E ". ), Etc., which have self-sliding properties, or those which do not have self-sliding properties, such as polypropylene, are added with a substance which imparts self-sliding properties, such as PTFE. It can be any of those. However, when it is necessary to obtain several different levels of slidability when forming different weather strips or the like, a material that imparts self-slidability (hereinafter referred to as “slidability additive”) ) Is preferably used. In this way, a desired level of slidability can be freely obtained by changing the amount of the slidability additive. That is, in this case, the sliding material may be a second resin material obtained by mixing the first resin material and the slidability additive. When the first resin material is added with a slidability additive to form a second resin material, the second resin material is
Any material may be used as long as it has sufficient properties to form the sliding surface. For example, polyethylene, polypropylene, polyvinyl chloride, TPO and the like can be used. In particular, it is desirable to use TPO as the first resin material in consideration of the slidability and strength of the second resin material. Here "TP
"O" means a thermoplastic olefin (base resin is CnH2n), which is a kind of thermoplastic elastomer.

As the slidability additive, any existing one can be used as long as it is well dispersed in the resin to which the slidability additive is added and can stably maintain the slidability. Good examples include, for example, ethylene tetrafluoride resin, polysiloxane, carbon fiber, graphite, and the like. However, it is not preferable that the slidability additive adheres to the surface of the door glass when the door glass slides on the sliding surface, and the visibility through the door glass deteriorates. The slidability additive has a particle size of 2 to 4
It is preferable to use one having a thickness of μm, and the amount of the slidability additive is preferably about 5 to 20% by weight based on the first resin.

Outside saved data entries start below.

(* Let $T>0$. Let $B_1,B_2,d_1,d_2$ be nonnegative functions of $(t,x)\in\mathbb{R}\times[0,\infty)$, $T$-periodic in $t$. Suppose that for $k=1,2$ there exist a real $\mu_k$ and a positive function $\phi^k$, $T$-periodic in $t$, such that $$-\partial_t\phi^k(t,x)-\partial_x\phi^k(t,x)+[d_k(t,x)+\mu_k]\phi^k(t,x)\geq B_k(t,x)\,\phi^k(t,0).$$ For $\theta\in[0,1]$ let $\phi^\theta=(\phi^1)^\theta(\phi^2)^{1-\theta}$, $B^\theta=B_1^\theta B_2^{1-\theta}$ and $d^\theta=\theta d_1+(1-\theta)d_2$. Then $\phi^\theta$ is positive, $T$-periodic in $t$, and $$-\partial_t\phi^\theta(t,x)-\partial_x\phi^\theta(t,x)+[\theta\mu_1+(1-\theta)\mu_2+d^\theta(t,x)]\phi^\theta(t,x)\geq B^\theta(t,x)\,\phi^\theta(t,0).$$ *)

theory Defs
  imports "HOL-Analysis.Analysis"
begin

text \<open>Real power with the convention 0^0 = 1 (Isabelle's powr has 0 powr 0 = 0).\<close>
definition rpow :: "real \<Rightarrow> real \<Rightarrow> real" where
  "rpow a e = (if e = 0 then 1 else a powr e)"

definition has_partial_t :: "(real \<Rightarrow> real \<Rightarrow> real) \<Rightarrow> real \<Rightarrow> real \<Rightarrow> real \<Rightarrow> bool" where
  "has_partial_t f t x D \<longleftrightarrow> ((\<lambda>s. f s x) has_real_derivative D) (at t)"

definition has_partial_x :: "(real \<Rightarrow> real \<Rightarrow> real) \<Rightarrow> real \<Rightarrow> real \<Rightarrow> real \<Rightarrow> bool" where
  "has_partial_x f t x D \<longleftrightarrow> ((\<lambda>y. f t y) has_real_derivative D) (at x within {0..})"

end

theory Submission
  imports Defs
begin

text \<open>On positive functions the operator \<open>-\<partial>\<^sub>t - \<partial>\<^sub>x\<close> is a derivation, so applied to
  \<open>\<phi>\<^sup>\<theta> = (\<phi>\<^sup>1)\<^sup>\<theta> (\<phi>\<^sup>2)\<^sup>1\<^sup>-\<^sup>\<theta>\<close> and divided by \<open>\<phi>\<^sup>\<theta>\<close> it gives the convex combination, with weights
  \<open>\<theta>, 1 - \<theta>\<close>, of the same operator applied to \<open>\<phi>\<^sup>k\<close> and divided by \<open>\<phi>\<^sup>k\<close>. The two hypotheses bound
  these quotients from below by \<open>B\<^sub>k \<phi>\<^sup>k(t,0) / \<phi>\<^sup>k\<close>, and the weighted AM-GM inequality turns the
  convex combination of these bounds into their geometric mean, which is \<open>B\<^sup>\<theta> \<phi>\<^sup>\<theta>(t,0) / \<phi>\<^sup>\<theta>\<close>.\<close>

lemma rpow_eq_powr: "a > 0 \<Longrightarrow> rpow a e = a powr e"
  by (simp add: rpow_def)

lemma rpow_mult: "0 \<le> a \<Longrightarrow> 0 \<le> b \<Longrightarrow> rpow (a * b) e = rpow a e * rpow b e"
  by (simp add: rpow_def powr_mult)

lemma rpow_weighted_geometric_le_arithmetic:
  fixes u v w :: real
  assumes "0 \<le> u" "0 \<le> v" "0 \<le> w" "w \<le> 1"
  shows "rpow u w * rpow v (1 - w) \<le> w * u + (1 - w) * v"
proof (cases "w = 0 \<or> w = 1 \<or> u = 0 \<or> v = 0")
  case True
  then show ?thesis using assms by (auto simp: rpow_def)
next
  case False
  then show ?thesis
    using Youngs_inequality_0[of w "1 - w" u v] assms by (simp add: rpow_def)
qed

lemma has_real_derivative_rpow_geometric_mean:
  fixes f g :: "real \<Rightarrow> real"
  assumes f: "(f has_real_derivative a) (at x within S)"
    and g: "(g has_real_derivative b) (at x within S)"
    and "x \<in> S" and pos: "\<And>y. y \<in> S \<Longrightarrow> f y > 0 \<and> g y > 0"
  shows "((\<lambda>y. rpow (f y) w * rpow (g y) (1 - w)) has_real_derivative
           (w * a / f x + (1 - w) * b / g x) * (rpow (f x) w * rpow (g x) (1 - w))) (at x within S)"
proof -
  have fx: "f x > 0" and gx: "g x > 0" using pos \<open>x \<in> S\<close> by auto
  have powr_pred: "f x powr (w - 1) = f x powr w / f x" "g x powr ((1 - w) - 1) = g x powr (1 - w) / g x"
    using powr_diff[of "f x" w 1] powr_diff[of "g x" "1 - w" 1] fx gx by simp_all
  have "((\<lambda>y. f y powr w * g y powr (1 - w)) has_real_derivative
          f x powr w * ((1 - w) * g x powr ((1 - w) - 1) * b) + w * f x powr (w - 1) * a * g x powr (1 - w))
        (at x within S)"
    using DERIV_chain2[OF has_real_derivative_powr[OF fx] f]
      DERIV_chain2[OF has_real_derivative_powr[OF gx] g]
    by (rule DERIV_mult')
  moreover have "f x powr w * ((1 - w) * g x powr ((1 - w) - 1) * b) + w * f x powr (w - 1) * a * g x powr (1 - w)
      = (w * a / f x + (1 - w) * b / g x) * (rpow (f x) w * rpow (g x) (1 - w))"
    unfolding powr_pred using fx gx by (simp add: rpow_eq_powr field_simps)
  ultimately have "((\<lambda>y. f y powr w * g y powr (1 - w)) has_real_derivative
      (w * a / f x + (1 - w) * b / g x) * (rpow (f x) w * rpow (g x) (1 - w))) (at x within S)"
    by simp
  then show ?thesis
    by (rule has_field_derivative_transform_within[where d = 1]) (use \<open>x \<in> S\<close> pos in \<open>auto simp: rpow_eq_powr\<close>)
qed

text \<open>The pointwise core of the argument: \<open>L\<^sub>k\<close> stands for \<open>(-\<partial>\<^sub>t - \<partial>\<^sub>x) \<phi>\<^sup>k\<close>, \<open>p\<^sub>k\<close> for \<open>\<phi>\<^sup>k(t,x)\<close>,
  \<open>q\<^sub>k\<close> for \<open>\<phi>\<^sup>k(t,0)\<close> and \<open>m\<^sub>k\<close> for \<open>d\<^sub>k(t,x) + \<mu>\<^sub>k\<close>.\<close>

lemma geometric_mean_supersolution_ineq:
  fixes \<theta> L1 L2 m1 m2 p1 p2 q1 q2 b1 b2 :: real
  assumes "0 \<le> \<theta>" "\<theta> \<le> 1" "p1 > 0" "p2 > 0" "q1 > 0" "q2 > 0" "b1 \<ge> 0" "b2 \<ge> 0"
    and ineq1: "L1 + m1 * p1 \<ge> b1 * q1"
    and ineq2: "L2 + m2 * p2 \<ge> b2 * q2"
  defines "P \<equiv> rpow p1 \<theta> * rpow p2 (1 - \<theta>)"
  shows "(\<theta> * L1 / p1 + (1 - \<theta>) * L2 / p2) * P + (\<theta> * m1 + (1 - \<theta>) * m2) * P
           \<ge> rpow b1 \<theta> * rpow b2 (1 - \<theta>) * (rpow q1 \<theta> * rpow q2 (1 - \<theta>))"
proof -
  define u where "u = b1 * q1 / p1"
  define v where "v = b2 * q2 / p2"
  have uv: "u \<ge> 0" "v \<ge> 0" using assms by (auto simp: u_def v_def)
  have P: "P > 0" using assms by (simp add: P_def rpow_eq_powr)
  have "(L1 + m1 * p1) / p1 \<ge> u" "(L2 + m2 * p2) / p2 \<ge> v"
    using ineq1 ineq2 assms by (simp_all add: u_def v_def divide_right_mono)
  have "(\<theta> * L1 / p1 + (1 - \<theta>) * L2 / p2) * P + (\<theta> * m1 + (1 - \<theta>) * m2) * P
      = P * (\<theta> * ((L1 + m1 * p1) / p1) + (1 - \<theta>) * ((L2 + m2 * p2) / p2))"
    using assms by (simp add: field_simps)
  also have "\<dots> \<ge> P * (\<theta> * u + (1 - \<theta>) * v)"
    using \<open>(L1 + m1 * p1) / p1 \<ge> u\<close> \<open>(L2 + m2 * p2) / p2 \<ge> v\<close> assms P
    by (intro mult_left_mono add_mono) auto
  also have "P * (\<theta> * u + (1 - \<theta>) * v) \<ge> P * (rpow u \<theta> * rpow v (1 - \<theta>))"
    using rpow_weighted_geometric_le_arithmetic[OF uv assms(1,2)] P by simp
  also have "P * (rpow u \<theta> * rpow v (1 - \<theta>)) = rpow (u * p1) \<theta> * rpow (v * p2) (1 - \<theta>)"
    using uv assms by (simp add: P_def rpow_mult)
  also have "\<dots> = rpow b1 \<theta> * rpow b2 (1 - \<theta>) * (rpow q1 \<theta> * rpow q2 (1 - \<theta>))"
    using assms by (simp add: u_def v_def rpow_mult)
  finally show ?thesis .
qed

theorem lemma1p1:
  fixes T \<mu>1 \<mu>2 \<theta> :: real
    and B1 B2 d1 d2 \<phi>1 \<phi>2 :: "real \<Rightarrow> real \<Rightarrow> real"
  assumes T_pos: "T > 0"
    and nonneg: "\<And>t x. x \<ge> 0 \<Longrightarrow>
           B1 t x \<ge> 0 \<and> B2 t x \<ge> 0 \<and> d1 t x \<ge> 0 \<and> d2 t x \<ge> 0"
    and per: "\<And>t x. x \<ge> 0 \<Longrightarrow>
           B1 (t + T) x = B1 t x \<and> B2 (t + T) x = B2 t x \<and>
           d1 (t + T) x = d1 t x \<and> d2 (t + T) x = d2 t x"
    and \<phi>_pos: "\<And>t x. x \<ge> 0 \<Longrightarrow> \<phi>1 t x > 0 \<and> \<phi>2 t x > 0"
    and \<phi>_per: "\<And>t x. x \<ge> 0 \<Longrightarrow> \<phi>1 (t + T) x = \<phi>1 t x \<and> \<phi>2 (t + T) x = \<phi>2 t x"
    and ineq1: "\<And>t x. x \<ge> 0 \<Longrightarrow> \<exists>Dt Dx. has_partial_t \<phi>1 t x Dt \<and> has_partial_x \<phi>1 t x Dx \<and>
           - Dt - Dx + (d1 t x + \<mu>1) * \<phi>1 t x \<ge> B1 t x * \<phi>1 t 0"
    and ineq2: "\<And>t x. x \<ge> 0 \<Longrightarrow> \<exists>Dt Dx. has_partial_t \<phi>2 t x Dt \<and> has_partial_x \<phi>2 t x Dx \<and>
           - Dt - Dx + (d2 t x + \<mu>2) * \<phi>2 t x \<ge> B2 t x * \<phi>2 t 0"
    and \<theta>: "0 \<le> \<theta>" "\<theta> \<le> 1"
  shows "let \<phi>\<theta> = (\<lambda>t x. rpow (\<phi>1 t x) \<theta> * rpow (\<phi>2 t x) (1 - \<theta>));
             B\<theta> = (\<lambda>t x. rpow (B1 t x) \<theta> * rpow (B2 t x) (1 - \<theta>));
             d\<theta> = (\<lambda>t x. \<theta> * d1 t x + (1 - \<theta>) * d2 t x)
         in (\<forall>t x. x \<ge> 0 \<longrightarrow> \<phi>\<theta> t x > 0 \<and> \<phi>\<theta> (t + T) x = \<phi>\<theta> t x) \<and>
            (\<forall>t x. x \<ge> 0 \<longrightarrow> (\<exists>Dt Dx. has_partial_t \<phi>\<theta> t x Dt \<and> has_partial_x \<phi>\<theta> t x Dx \<and>
               - Dt - Dx + (\<theta> * \<mu>1 + (1 - \<theta>) * \<mu>2 + d\<theta> t x) * \<phi>\<theta> t x \<ge> B\<theta> t x * \<phi>\<theta> t 0))"
  unfolding Let_def
proof (intro conjI allI impI)
  fix t x :: real assume x: "x \<ge> 0"
  show "0 < rpow (\<phi>1 t x) \<theta> * rpow (\<phi>2 t x) (1 - \<theta>)"
    using \<phi>_pos[OF x, of t] by (simp add: rpow_eq_powr)
  show "rpow (\<phi>1 (t + T) x) \<theta> * rpow (\<phi>2 (t + T) x) (1 - \<theta>) = rpow (\<phi>1 t x) \<theta> * rpow (\<phi>2 t x) (1 - \<theta>)"
    using \<phi>_per[OF x] by simp
next
  fix t x :: real assume x: "x \<ge> 0"
  obtain Dt1 Dx1 where 1: "has_partial_t \<phi>1 t x Dt1" "has_partial_x \<phi>1 t x Dx1"
     "- Dt1 - Dx1 + (d1 t x + \<mu>1) * \<phi>1 t x \<ge> B1 t x * \<phi>1 t 0" using ineq1[OF x] by blast
  obtain Dt2 Dx2 where 2: "has_partial_t \<phi>2 t x Dt2" "has_partial_x \<phi>2 t x Dx2"
     "- Dt2 - Dx2 + (d2 t x + \<mu>2) * \<phi>2 t x \<ge> B2 t x * \<phi>2 t 0" using ineq2[OF x] by blast
  let ?\<phi>\<theta> = "\<lambda>t x. rpow (\<phi>1 t x) \<theta> * rpow (\<phi>2 t x) (1 - \<theta>)"
  let ?D = "\<lambda>D1 D2. (\<theta> * D1 / \<phi>1 t x + (1 - \<theta>) * D2 / \<phi>2 t x) * ?\<phi>\<theta> t x"
  have D_linear: "- ?D Dt1 Dt2 - ?D Dx1 Dx2 = ?D (- Dt1 - Dx1) (- Dt2 - Dx2)"
    by (simp add: diff_divide_distrib add_divide_distrib algebra_simps)
  have "has_partial_t ?\<phi>\<theta> t x (?D Dt1 Dt2)"
    using 1(1) 2(1) \<phi>_pos[OF x] unfolding has_partial_t_def
    by (intro has_real_derivative_rpow_geometric_mean[where S = UNIV]) auto
  moreover have "has_partial_x ?\<phi>\<theta> t x (?D Dx1 Dx2)"
    using 1(2) 2(2) \<phi>_pos x unfolding has_partial_x_def
    by (intro has_real_derivative_rpow_geometric_mean) auto
  moreover have "- ?D Dt1 Dt2 - ?D Dx1 Dx2 + (\<theta> * \<mu>1 + (1 - \<theta>) * \<mu>2 + (\<theta> * d1 t x + (1 - \<theta>) * d2 t x)) * ?\<phi>\<theta> t x
      \<ge> rpow (B1 t x) \<theta> * rpow (B2 t x) (1 - \<theta>) * ?\<phi>\<theta> t 0"
    using geometric_mean_supersolution_ineq[OF \<theta> _ _ _ _ _ _ 1(3) 2(3)] \<phi>_pos[OF x] \<phi>_pos[of 0]
      nonneg[OF x] D_linear
    by (simp add: algebra_simps)
  ultimately show "\<exists>Dt Dx. has_partial_t ?\<phi>\<theta> t x Dt \<and> has_partial_x ?\<phi>\<theta> t x Dx \<and>
      rpow (B1 t x) \<theta> * rpow (B2 t x) (1 - \<theta>) * ?\<phi>\<theta> t 0
        \<le> - Dt - Dx + (\<theta> * \<mu>1 + (1 - \<theta>) * \<mu>2 + (\<theta> * d1 t x + (1 - \<theta>) * d2 t x)) * ?\<phi>\<theta> t x"
    by blast
qed

end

The sliding portion formed by the sliding material is:
The weather strip may have any shape as long as it can sufficiently fulfill the functions of preventing rainwater and dust from infiltrating and soundproofing, and may be constituted by a smooth surface without irregularities. However, depending on the slidability of the sliding part, if the contact area between the sliding part and the door glass is large, the frictional force at the time of lifting and lowering the door glass increases, and the force required for raising and lowering the door glass and the driving power increase. There is. To solve this problem, irregularities may be formed on the sliding portion to reduce the contact area. The shape and number of the concavities and convexities can be appropriately determined according to a desired amount or the like for reducing the contact area. As the irregularities which can be easily formed and have an excellent appearance, a groove or a linear convex portion formed in a sliding portion can be exemplified. If the depth of the groove or the height of the linear convex portion is too large, there is a problem that a large gap is generated between the weather strip and the door glass. Is preferable. The irregularities may be irregularly formed, but it is preferable that the irregularities are formed in a direction perpendicular or parallel to the longitudinal direction of the weather strip. When the door glass is moved up and down, a horizontal force is applied to the ground in a direction parallel to the main surface of the door glass (that is, when the door glass is moved up and down with the door closed), the force is applied in the front-rear direction of the vehicle. May hinder smooth lifting of the door glass. Usually, since the door glass is often raised and lowered in a direction perpendicular to the longitudinal direction of the weather strip, the force increases as the angle formed by the direction in which the unevenness is formed with respect to the vertical direction approaches 45 degrees. . Therefore, in order to smoothly raise and lower the door glass, it is better that the angle is close to 0 degrees or 90 degrees, so that the unevenness is formed in a direction perpendicular or parallel to the longitudinal direction of the weather strip. Is preferred. Note that the “formation of unevenness” here includes all cases of forming only a concave portion in a sliding portion, forming only a convex portion, and forming both a concave portion and a convex portion. .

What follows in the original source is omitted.